Any modification or amendment of any provision of this agreement will be effective only if in writing and signed by duly authorized representatives of the parties hereto. None of the provisions of this agreement shall be deemed to have been waived by any act or acquiescence by either party, its agents, or employees, but only by an instrument in writing signed by a duly authorized representative of such party. No waiver of any provision of this agreement shall constitute a waiver of any other provisions or of the same provision on any other occasion.
Neither party will be responsible for any failure or delay in performing any of its obligations under this agreement (other than the obligation to pay money when due) due to causes beyond its reasonable control, including but not limited to labor disputes, strikes, lockouts, shortages of or inability to obtain labor, energy, raw materials or supplies, war, riot, act of God or governmental action. Any failure to perform that is excused pursuant to this paragraph shall be cured as soon as is reasonably practical by the nonperforming party, but such failure shall not exceed ninety days from the date of notice of failure.

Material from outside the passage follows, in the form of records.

lemma disjoint_partial_sums_le:
  fixes g :: "nat \<Rightarrow> 'a::banach_lattice"
  assumes g0: "\<And>n. 0 \<le> g n" and gh: "\<And>n. g n \<le> h"
    and dj: "\<And>n m. n \<noteq> m \<Longrightarrow> inf (g n) (g m) = 0"
  shows "(\<Sum>k<n. g k) \<le> h"
proof -
  let ?s = "\<lambda>n. \<Sum>k<n. g k"
  have s0: "0 \<le> ?s n" for n by (simp add: g0 sum_nonneg)
  \<comment> \<open>a sum of disjoint positive elements is their supremum\<close>
  have "?s n \<le> h \<and> (\<forall>m\<ge>n. inf (?s n) (g m) = 0)"
  proof (induction n)
    case 0
    show ?case using order_trans[OF g0[of 0] gh[of 0]] g0 by (simp add: inf_absorb1)
  next
    case (Suc n)
    then have dn: "inf (?s n) (g n) = 0" by simp
    have "?s (Suc n) = sup (?s n) (g n) + inf (?s n) (g n)"
      using add_eq_inf_sup[of "?s n" "g n"] by (simp add: add.commute)
    then have "?s (Suc n) \<le> h" using Suc gh dn by simp
    moreover have "inf (?s (Suc n)) (g m) = 0" if "m \<ge> Suc n" for m
    proof (rule antisym)
      have "inf (?s n + g n) (g m) \<le> inf (?s n) (g m) + inf (g n) (g m)"
        by (rule inf_add_le_add_inf) (auto simp: s0 g0)
      then show "inf (?s (Suc n)) (g m) \<le> 0" using Suc that dj[of n m] by simp
      show "0 \<le> inf (?s (Suc n)) (g m)" using s0 g0 by simp
    qed
    ultimately show ?case by simp
  qed
  then show ?thesis by simp
qed

lemma disjoint_order_interval_tendsto_0:
  fixes g :: "nat \<Rightarrow> 'a::banach_lattice"
  assumes oc: "order_continuous h" and g0: "\<And>n. 0 \<le> g n" and gh: "\<And>n. g n \<le> h"
    and dj: "\<And>n m. n \<noteq> m \<Longrightarrow> inf (g n) (g m) = 0"
  shows "g \<longlonglongrightarrow> 0"
proof -
  define s where "s n = (\<Sum>k<n. g k)" for n
  have "incseq s" unfolding s_def by (rule incseq_SucI) (simp add: g0)
  moreover have "0 \<le> s n" "s n \<le> h" for n
    unfolding s_def using disjoint_partial_sums_le[OF g0 gh dj] by (auto simp: g0 sum_nonneg)
  ultimately have "Cauchy s" using oc by (intro order_continuous_incseq_Cauchy)
  then obtain L where "s \<longlonglongrightarrow> L" by (auto simp: Cauchy_convergent_iff convergent_def)
  then have "(\<lambda>n. s (Suc n) - s n) \<longlonglongrightarrow> L - L"
    by (intro tendsto_diff LIMSEQ_Suc)
  then show ?thesis by (simp add: s_def)
qed

lemma unit_sphere_point_near:
  fixes E :: "'a::banach_lattice set"
  assumes "subspace E" "norm f = 1" "infdist f E < \<delta>" "\<delta> \<le> 1/2"
  shows "\<exists>y\<in>unit_sphere_of E. norm (y - f) < 2 * \<delta>"
proof -
  have "0 \<in> E" using assms(1) by (rule subspace_0)
  then have "(INF a\<in>E. dist f a) < \<delta>" using assms(3) by (subst (asm) infdist_notempty) auto
  then obtain x where xE: "x \<in> E" and dx: "dist f x < \<delta>"
    using \<open>0 \<in> E\<close> by (subst (asm) cINF_less_iff) auto
  have nx: "\<bar>1 - norm x\<bar> < \<delta>"
    using dx assms(2) norm_triangle_ineq3[of f x] by (simp add: dist_norm)
  then have xpos: "norm x > 0" using assms(4) by linarith
  define y where "y = (1 / norm x) *\<^sub>R x"
  have "y \<in> unit_sphere_of E"
    using assms(1) xE xpos by (simp add: y_def subspace_scale unit_sphere_of_def)
  moreover have "norm (y - x) < \<delta>"
  proof -
    have "y - x = (1 / norm x - 1) *\<^sub>R x" by (simp add: y_def algebra_simps)
    then have "norm (y - x) = \<bar>(1 / norm x - 1) * norm x\<bar>" by (simp add: abs_mult)
    also have "(1 / norm x - 1) * norm x = 1 - norm x" using xpos by (simp add: field_simps)
    finally show ?thesis using nx by simp
  qed
  then have "norm (y - f) < 2 * \<delta>"
    using norm_triangle_ineq[of "y - x" "x - f"] dx by (simp add: dist_norm norm_minus_commute)
  ultimately show ?thesis by blast
qed

lemma norm_inf_labs_le:
  fixes f y h :: "'a::banach_lattice"
  assumes "0 \<le> h"
  shows "norm (inf (labs y) h) \<le> norm (inf (labs f) h) + norm (y - f)"
proof -
  have "inf (labs y) h \<le> inf (labs f + labs (y - f)) h"
    using labs_add_le[of f "y - f"] by (simp add: le_infI1)
  also have "\<dots> \<le> inf (labs f) h + labs (y - f)"
    by (rule inf_add_nonneg_le[OF labs_nonneg])
  finally have "norm (inf (labs y) h) \<le> norm (inf (labs f) h + labs (y - f))"
    using labs_nonneg assms by (intro norm_mono_nonneg) auto
  also have "\<dots> \<le> norm (inf (labs f) h) + norm (labs (y - f))" by (rule norm_triangle_ineq)
  finally show ?thesis by (simp add: norm_labs)
qed

lemma norm_inf_labs_ge_if_near_dispersed:
  fixes E :: "'a::banach_lattice set"
  assumes "subspace E" and avoid: "una_nbhd h \<epsilon> \<inter> unit_sphere_of E = {}" and "0 \<le> h"
    and "norm f = 1" "infdist f E < \<delta>" "\<delta> \<le> \<epsilon> / 4" "\<delta> \<le> 1/2"
  shows "\<epsilon> / 2 \<le> norm (inf (labs f) h)"
proof -
  obtain y where "y \<in> unit_sphere_of E" and y_near: "norm (y - f) < 2 * \<delta>"
    using unit_sphere_point_near assms by blast
  then have "y \<notin> una_nbhd h \<epsilon>" using avoid by blast
  then have "\<epsilon> \<le> norm (inf (labs y) h)" by (simp add: una_nbhd_def)
  then show ?thesis using norm_inf_labs_le[OF \<open>0 \<le> h\<close>, of y f] y_near assms(6) by simp
qed

lemma ldisjoint_inf_labs:
  fixes x y h :: "'a::banach_lattice"
  assumes "ldisjoint x y" "0 \<le> h"
  shows "inf (inf (labs x) h) (inf (labs y) h) = 0"
proof (rule antisym)
  have "inf (inf (labs x) h) (inf (labs y) h) \<le> inf (labs x) (labs y)"
    by (rule inf_mono) (rule inf.cobounded1)+
  then show "inf (inf (labs x) h) (inf (labs y) h) \<le> 0"
    using assms(1) by (simp only: ldisjoint_def)
  show "0 \<le> inf (inf (labs x) h) (inf (labs y) h)" using assms(2) by (simp add: labs_nonneg)
qed

theorem proposition4p3:
  fixes E :: "'a::banach_lattice set"
  assumes "subspace E"
    and "strongly_dispersed E"
  shows "strictly_dispersed E"
proof -
  obtain h \<epsilon> where hoc: "order_continuous h" and h0: "0 \<le> h" and "\<epsilon> > 0"
    and avoid: "una_nbhd h \<epsilon> \<inter> unit_sphere_of E = {}"
    using assms(2) unfolding strongly_dispersed_def oc_part_def by blast
  define \<delta> where "\<delta> = min (\<epsilon> / 4) (1/2)"
  have False
    if "\<And>n. norm (f n) = 1" "\<And>n m. n \<noteq> m \<Longrightarrow> ldisjoint (f n) (f m)"
      "\<And>n. infdist (f n) E < \<delta>" for f :: "nat \<Rightarrow> 'a"
  proof -
    define g where "g n = inf (labs (f n)) h" for n
    have "\<epsilon> / 2 \<le> norm (g n)" for n
      unfolding g_def using that(1,3)
      by (rule norm_inf_labs_ge_if_near_dispersed[OF assms(1) avoid h0]) (simp_all add: \<delta>_def)
    moreover have "g \<longlonglongrightarrow> 0"
      using disjoint_order_interval_tendsto_0[OF hoc] ldisjoint_inf_labs[OF _ h0] that(2)
      by (simp add: g_def labs_nonneg h0)
    then obtain N where "norm (g N) < \<epsilon> / 2"
      using LIMSEQ_D[of g 0 "\<epsilon> / 2"] \<open>\<epsilon> > 0\<close> by fastforce
    ultimately show False by (meson not_le)
  qed
  moreover have "\<delta> > 0" using \<open>\<epsilon> > 0\<close> by (simp add: \<delta>_def)
  ultimately show ?thesis unfolding strictly_dispersed_def by blast
qed

end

The parties are independent contractors and neither this agreement nor any provision hereof shall be deemed to create any relationship of joint venture, partnership, franchise, employment, or agency between the parties. Neither party will have the power to bind the other or incur obligations on the other’s behalf without the other’s prior written consent.
This agreement contains the complete understanding and agreement of the parties hereto and supersedes all prior or contemporaneous agreements or understandings, oral or written, relating to the subject matter herein. This agreement may be executed in multiple counterparts, all of which, taken together, shall constitute one and the same instrument.
All exhibits attached to this agreement will be deemed a part of this agreement and incorporated herein by reference. The term “agreement” refers to this Service Agreement and all of the exhibits attached hereto.
Each party represents and warrants that, on the date first written above, they are authorized to enter into this Agreement.